> Task item
Using the word "force" as the filter, copy each matching line from the records.

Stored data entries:
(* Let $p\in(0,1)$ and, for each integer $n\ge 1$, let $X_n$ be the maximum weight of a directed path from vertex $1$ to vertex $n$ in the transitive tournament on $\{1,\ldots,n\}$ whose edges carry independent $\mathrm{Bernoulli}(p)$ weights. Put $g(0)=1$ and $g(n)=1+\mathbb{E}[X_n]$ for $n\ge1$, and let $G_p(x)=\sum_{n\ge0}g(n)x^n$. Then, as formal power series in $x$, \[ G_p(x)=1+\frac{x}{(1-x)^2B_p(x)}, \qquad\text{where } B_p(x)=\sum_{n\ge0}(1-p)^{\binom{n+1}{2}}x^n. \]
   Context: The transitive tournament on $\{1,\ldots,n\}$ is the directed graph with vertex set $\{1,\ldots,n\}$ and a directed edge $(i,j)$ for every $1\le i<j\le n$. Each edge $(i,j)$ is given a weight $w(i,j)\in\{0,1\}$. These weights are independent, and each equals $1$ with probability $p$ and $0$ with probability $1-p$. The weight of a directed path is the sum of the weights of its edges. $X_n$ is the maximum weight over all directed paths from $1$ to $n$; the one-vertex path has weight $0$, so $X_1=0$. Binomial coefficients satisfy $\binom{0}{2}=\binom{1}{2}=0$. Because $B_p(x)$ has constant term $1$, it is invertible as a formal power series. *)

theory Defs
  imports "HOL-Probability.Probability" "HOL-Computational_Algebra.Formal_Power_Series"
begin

...

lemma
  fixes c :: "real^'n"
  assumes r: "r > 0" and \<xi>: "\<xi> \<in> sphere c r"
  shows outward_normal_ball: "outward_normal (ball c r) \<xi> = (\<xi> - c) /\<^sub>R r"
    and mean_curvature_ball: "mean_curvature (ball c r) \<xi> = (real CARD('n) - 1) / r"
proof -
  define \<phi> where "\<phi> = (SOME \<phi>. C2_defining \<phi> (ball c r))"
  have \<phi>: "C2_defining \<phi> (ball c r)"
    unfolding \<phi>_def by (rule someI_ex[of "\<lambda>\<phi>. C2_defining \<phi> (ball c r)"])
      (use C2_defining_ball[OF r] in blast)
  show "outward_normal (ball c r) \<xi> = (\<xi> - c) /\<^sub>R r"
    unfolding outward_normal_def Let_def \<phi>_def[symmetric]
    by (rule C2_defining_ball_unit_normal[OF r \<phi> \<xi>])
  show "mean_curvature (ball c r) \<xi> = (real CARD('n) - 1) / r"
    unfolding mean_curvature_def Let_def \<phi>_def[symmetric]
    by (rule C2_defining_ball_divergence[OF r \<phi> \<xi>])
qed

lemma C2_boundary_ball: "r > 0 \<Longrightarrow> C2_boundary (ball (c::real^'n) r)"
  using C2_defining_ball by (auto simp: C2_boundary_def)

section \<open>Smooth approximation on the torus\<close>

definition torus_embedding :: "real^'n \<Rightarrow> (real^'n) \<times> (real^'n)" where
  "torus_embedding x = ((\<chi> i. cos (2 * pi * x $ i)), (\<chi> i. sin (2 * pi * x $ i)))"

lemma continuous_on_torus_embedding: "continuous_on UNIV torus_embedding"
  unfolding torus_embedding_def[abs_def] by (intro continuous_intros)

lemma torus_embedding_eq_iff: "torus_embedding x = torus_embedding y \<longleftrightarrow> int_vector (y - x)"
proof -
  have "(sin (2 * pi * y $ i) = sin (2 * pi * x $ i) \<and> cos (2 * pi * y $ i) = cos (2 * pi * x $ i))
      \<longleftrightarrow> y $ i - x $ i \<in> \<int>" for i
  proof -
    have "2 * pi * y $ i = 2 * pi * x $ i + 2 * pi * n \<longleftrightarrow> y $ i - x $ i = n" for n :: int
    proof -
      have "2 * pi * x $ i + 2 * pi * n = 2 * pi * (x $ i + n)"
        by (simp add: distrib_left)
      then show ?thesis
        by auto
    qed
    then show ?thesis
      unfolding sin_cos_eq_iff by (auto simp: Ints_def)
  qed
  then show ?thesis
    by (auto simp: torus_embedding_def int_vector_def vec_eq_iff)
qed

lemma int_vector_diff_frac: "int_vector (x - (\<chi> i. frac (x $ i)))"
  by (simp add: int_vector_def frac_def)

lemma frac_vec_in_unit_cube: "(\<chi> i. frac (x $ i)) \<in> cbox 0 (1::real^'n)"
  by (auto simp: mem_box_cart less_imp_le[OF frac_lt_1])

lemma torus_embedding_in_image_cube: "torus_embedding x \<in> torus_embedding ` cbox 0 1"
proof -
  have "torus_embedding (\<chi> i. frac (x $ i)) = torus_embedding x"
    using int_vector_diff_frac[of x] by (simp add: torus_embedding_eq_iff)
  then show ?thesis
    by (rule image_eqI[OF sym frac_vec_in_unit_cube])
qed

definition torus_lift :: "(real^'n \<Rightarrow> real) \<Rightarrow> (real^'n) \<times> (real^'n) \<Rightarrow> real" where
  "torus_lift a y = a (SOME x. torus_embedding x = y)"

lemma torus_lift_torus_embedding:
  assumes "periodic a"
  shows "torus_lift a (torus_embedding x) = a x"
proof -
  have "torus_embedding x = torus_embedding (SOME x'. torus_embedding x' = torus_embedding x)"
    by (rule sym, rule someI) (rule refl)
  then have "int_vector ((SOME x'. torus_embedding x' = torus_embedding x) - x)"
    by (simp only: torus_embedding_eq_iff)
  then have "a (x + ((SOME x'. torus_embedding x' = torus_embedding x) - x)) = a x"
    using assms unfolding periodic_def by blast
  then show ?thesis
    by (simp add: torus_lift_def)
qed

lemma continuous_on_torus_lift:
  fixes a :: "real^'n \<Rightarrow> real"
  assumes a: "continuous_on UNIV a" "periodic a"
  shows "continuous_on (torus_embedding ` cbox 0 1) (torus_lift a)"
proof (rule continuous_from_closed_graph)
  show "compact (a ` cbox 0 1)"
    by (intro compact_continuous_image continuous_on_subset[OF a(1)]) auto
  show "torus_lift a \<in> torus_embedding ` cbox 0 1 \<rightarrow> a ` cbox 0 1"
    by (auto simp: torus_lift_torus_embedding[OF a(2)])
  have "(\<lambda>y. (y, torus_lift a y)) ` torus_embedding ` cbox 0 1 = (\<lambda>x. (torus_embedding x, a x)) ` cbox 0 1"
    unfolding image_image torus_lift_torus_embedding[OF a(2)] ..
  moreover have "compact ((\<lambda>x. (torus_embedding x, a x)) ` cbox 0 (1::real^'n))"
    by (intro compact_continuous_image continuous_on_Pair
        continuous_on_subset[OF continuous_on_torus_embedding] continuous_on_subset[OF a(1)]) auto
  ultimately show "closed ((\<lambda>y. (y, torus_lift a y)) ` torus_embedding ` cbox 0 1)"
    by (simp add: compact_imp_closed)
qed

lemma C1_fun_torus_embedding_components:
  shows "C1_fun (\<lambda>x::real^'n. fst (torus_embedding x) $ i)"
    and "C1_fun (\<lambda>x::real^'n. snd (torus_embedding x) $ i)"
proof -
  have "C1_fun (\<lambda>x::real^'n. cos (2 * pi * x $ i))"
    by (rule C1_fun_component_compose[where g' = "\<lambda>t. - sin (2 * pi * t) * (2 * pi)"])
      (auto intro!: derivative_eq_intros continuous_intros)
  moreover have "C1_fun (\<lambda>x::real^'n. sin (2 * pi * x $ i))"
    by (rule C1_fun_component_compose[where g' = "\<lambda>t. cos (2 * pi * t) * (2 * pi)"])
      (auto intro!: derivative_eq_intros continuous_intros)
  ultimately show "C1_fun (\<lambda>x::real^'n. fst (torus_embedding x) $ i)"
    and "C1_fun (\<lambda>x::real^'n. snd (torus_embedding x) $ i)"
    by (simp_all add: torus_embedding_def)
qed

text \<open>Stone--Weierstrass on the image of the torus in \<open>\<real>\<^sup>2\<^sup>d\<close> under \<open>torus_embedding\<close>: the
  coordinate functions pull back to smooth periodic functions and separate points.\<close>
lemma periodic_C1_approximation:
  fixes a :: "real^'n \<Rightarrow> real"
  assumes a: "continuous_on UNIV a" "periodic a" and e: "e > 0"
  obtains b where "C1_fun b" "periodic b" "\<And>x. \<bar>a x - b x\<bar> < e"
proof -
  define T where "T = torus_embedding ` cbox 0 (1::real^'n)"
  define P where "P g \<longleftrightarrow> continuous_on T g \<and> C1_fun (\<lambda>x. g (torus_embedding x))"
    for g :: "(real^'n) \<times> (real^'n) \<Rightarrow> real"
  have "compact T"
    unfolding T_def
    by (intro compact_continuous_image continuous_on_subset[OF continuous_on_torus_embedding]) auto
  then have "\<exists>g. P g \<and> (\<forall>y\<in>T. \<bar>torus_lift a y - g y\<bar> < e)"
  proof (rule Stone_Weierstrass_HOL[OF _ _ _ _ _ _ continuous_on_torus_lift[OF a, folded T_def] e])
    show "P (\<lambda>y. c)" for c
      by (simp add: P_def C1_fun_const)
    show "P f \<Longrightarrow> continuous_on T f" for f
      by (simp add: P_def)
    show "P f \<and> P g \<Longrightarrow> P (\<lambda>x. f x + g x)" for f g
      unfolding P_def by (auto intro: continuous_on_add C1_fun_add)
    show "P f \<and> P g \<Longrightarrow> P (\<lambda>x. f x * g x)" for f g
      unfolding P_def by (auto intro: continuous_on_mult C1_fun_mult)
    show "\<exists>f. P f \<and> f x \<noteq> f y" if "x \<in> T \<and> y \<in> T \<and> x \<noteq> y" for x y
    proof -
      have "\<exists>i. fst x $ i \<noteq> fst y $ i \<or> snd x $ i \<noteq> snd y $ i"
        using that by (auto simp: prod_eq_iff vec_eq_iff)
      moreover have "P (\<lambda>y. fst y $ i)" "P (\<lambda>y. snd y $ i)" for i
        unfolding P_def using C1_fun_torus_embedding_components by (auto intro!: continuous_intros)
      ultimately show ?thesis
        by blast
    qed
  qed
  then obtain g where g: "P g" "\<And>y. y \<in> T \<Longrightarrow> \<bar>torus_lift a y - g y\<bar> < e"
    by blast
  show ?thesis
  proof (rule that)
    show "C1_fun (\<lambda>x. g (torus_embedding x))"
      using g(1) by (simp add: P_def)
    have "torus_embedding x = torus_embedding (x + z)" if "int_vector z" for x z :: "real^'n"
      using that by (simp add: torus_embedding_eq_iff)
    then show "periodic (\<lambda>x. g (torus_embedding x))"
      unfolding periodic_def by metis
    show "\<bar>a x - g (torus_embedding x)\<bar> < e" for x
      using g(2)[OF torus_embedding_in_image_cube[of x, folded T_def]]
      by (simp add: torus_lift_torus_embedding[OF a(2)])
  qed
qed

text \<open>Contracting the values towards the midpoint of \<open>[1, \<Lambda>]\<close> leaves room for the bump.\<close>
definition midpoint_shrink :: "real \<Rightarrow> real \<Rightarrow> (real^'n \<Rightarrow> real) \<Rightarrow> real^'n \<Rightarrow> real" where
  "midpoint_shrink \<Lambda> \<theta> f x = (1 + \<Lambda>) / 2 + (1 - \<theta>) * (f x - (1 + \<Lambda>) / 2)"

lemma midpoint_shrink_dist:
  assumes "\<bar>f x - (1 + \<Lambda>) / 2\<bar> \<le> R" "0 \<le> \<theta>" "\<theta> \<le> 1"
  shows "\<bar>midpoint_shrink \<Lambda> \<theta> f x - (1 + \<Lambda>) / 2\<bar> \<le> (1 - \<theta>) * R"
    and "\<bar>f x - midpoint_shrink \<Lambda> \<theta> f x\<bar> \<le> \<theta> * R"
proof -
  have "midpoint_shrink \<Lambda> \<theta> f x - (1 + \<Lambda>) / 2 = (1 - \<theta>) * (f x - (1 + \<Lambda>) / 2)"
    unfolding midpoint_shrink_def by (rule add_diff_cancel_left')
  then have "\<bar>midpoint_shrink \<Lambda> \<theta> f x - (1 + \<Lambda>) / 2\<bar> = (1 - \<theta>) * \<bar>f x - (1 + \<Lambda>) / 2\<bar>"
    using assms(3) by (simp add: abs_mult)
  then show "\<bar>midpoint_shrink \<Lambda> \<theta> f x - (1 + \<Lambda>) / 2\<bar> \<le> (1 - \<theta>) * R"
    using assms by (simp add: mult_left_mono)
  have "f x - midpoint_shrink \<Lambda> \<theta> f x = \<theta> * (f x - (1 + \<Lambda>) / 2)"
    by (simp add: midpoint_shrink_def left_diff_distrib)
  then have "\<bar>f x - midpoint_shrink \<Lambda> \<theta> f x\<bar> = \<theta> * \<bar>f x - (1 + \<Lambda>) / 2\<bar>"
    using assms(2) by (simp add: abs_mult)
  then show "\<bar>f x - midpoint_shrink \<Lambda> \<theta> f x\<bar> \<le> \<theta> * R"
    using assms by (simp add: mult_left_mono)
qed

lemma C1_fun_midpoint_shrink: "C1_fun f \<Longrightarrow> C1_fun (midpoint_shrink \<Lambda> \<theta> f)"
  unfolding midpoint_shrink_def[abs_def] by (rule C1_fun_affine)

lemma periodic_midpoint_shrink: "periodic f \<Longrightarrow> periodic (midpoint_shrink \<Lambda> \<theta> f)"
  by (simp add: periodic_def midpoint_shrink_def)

* * *

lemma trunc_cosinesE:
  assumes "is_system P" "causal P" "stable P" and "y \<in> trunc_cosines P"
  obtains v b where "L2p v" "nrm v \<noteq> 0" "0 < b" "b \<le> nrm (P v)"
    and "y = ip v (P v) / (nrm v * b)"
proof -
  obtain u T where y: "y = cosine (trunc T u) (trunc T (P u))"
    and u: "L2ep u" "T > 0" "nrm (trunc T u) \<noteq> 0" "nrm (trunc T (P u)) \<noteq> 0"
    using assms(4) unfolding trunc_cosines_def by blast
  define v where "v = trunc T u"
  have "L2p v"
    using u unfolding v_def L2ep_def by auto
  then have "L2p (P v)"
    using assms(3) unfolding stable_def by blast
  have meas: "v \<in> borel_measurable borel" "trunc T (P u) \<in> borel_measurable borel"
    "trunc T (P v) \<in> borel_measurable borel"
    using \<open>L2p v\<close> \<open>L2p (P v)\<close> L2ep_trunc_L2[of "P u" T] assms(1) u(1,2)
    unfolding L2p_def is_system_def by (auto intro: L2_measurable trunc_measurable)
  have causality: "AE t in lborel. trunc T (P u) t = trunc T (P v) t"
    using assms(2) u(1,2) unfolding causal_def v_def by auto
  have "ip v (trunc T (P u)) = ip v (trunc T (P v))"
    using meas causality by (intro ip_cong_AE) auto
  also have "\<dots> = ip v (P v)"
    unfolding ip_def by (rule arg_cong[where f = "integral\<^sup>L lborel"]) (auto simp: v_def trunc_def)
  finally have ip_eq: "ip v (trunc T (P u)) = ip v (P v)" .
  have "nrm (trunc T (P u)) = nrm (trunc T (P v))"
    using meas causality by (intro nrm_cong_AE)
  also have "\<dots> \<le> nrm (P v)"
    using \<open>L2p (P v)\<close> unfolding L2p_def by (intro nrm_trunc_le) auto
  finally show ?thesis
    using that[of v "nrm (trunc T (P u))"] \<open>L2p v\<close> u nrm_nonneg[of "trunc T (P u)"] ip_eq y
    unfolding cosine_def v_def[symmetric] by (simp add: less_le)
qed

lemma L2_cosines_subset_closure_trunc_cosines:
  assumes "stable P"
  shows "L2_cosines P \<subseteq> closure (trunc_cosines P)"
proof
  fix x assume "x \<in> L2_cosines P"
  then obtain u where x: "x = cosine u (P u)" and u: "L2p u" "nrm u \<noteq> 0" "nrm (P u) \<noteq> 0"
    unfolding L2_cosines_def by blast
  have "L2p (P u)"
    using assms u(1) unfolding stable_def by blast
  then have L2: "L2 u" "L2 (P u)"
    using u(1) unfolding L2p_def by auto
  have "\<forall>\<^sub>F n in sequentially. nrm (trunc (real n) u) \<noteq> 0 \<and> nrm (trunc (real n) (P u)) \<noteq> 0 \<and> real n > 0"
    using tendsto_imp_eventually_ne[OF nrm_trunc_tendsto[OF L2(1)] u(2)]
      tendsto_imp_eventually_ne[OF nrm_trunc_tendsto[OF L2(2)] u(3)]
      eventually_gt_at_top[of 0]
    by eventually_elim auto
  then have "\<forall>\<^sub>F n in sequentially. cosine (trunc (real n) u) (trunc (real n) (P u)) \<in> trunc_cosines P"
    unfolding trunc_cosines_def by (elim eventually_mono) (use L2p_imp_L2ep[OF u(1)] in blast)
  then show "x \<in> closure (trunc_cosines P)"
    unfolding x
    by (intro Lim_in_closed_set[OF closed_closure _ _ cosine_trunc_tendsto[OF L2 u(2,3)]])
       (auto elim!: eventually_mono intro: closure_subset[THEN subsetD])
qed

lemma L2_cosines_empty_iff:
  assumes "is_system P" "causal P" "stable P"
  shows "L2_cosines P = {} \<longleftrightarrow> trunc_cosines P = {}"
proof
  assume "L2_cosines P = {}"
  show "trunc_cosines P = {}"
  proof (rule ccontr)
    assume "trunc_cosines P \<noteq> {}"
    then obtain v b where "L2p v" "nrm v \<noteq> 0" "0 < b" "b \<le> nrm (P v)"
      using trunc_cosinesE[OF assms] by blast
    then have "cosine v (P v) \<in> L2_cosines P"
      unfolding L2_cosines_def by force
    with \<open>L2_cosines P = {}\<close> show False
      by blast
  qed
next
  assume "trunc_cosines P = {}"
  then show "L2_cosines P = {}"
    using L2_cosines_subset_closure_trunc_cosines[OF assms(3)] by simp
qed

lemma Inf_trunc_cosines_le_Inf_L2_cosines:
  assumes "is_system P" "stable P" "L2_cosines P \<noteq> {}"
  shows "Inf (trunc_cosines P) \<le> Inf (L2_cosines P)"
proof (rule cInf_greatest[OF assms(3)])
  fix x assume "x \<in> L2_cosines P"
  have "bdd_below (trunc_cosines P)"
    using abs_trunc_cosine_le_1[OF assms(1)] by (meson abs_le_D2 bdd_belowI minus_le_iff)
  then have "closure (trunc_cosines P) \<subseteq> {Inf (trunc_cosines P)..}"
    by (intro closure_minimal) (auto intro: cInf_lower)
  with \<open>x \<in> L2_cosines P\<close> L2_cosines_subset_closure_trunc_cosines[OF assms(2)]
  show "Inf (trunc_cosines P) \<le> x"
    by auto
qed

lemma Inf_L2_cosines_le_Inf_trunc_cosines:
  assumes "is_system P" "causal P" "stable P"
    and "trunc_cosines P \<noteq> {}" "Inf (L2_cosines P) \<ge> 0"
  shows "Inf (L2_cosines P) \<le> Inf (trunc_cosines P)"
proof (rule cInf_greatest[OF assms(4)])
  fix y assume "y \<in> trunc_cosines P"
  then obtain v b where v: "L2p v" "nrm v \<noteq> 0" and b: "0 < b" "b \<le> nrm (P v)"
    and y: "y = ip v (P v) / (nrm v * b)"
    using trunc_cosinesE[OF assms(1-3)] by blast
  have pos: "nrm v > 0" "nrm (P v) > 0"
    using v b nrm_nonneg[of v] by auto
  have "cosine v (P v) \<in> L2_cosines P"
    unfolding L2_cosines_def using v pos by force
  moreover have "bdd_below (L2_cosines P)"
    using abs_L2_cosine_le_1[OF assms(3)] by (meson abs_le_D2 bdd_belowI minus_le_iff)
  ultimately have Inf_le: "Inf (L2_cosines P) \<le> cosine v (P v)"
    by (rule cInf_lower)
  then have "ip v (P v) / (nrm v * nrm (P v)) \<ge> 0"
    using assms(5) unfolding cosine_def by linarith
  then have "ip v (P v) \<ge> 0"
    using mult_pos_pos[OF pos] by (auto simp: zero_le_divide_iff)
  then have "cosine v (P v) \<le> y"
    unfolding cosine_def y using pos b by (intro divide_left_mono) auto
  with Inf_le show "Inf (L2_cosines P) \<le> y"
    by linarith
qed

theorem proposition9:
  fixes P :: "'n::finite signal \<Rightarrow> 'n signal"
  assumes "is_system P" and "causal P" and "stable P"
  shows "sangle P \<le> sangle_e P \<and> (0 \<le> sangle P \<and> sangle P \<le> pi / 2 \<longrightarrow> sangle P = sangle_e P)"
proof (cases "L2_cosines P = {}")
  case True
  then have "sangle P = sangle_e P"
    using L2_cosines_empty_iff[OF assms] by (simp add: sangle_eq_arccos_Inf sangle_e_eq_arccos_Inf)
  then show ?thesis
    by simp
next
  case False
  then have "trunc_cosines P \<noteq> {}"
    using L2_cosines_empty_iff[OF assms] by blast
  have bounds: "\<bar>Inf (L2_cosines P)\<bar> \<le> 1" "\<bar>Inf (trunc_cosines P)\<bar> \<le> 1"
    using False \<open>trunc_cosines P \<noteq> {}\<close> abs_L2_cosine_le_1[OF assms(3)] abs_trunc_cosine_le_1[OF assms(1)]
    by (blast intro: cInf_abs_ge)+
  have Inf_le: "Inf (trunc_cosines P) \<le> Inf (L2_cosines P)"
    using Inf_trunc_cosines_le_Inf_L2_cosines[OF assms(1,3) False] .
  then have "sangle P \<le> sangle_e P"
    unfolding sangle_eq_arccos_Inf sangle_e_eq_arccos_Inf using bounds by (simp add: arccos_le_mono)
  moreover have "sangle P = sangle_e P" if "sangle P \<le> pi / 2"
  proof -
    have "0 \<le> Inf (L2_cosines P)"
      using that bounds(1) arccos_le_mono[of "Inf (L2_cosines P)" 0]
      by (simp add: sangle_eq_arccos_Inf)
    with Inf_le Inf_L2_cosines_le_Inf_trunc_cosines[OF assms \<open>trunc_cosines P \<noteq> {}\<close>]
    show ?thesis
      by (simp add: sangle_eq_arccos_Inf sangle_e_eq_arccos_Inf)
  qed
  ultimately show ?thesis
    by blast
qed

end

> Answer for this exercise
      unfolding L2_cosines_def by force
    unfolding L2_cosines_def using v pos by force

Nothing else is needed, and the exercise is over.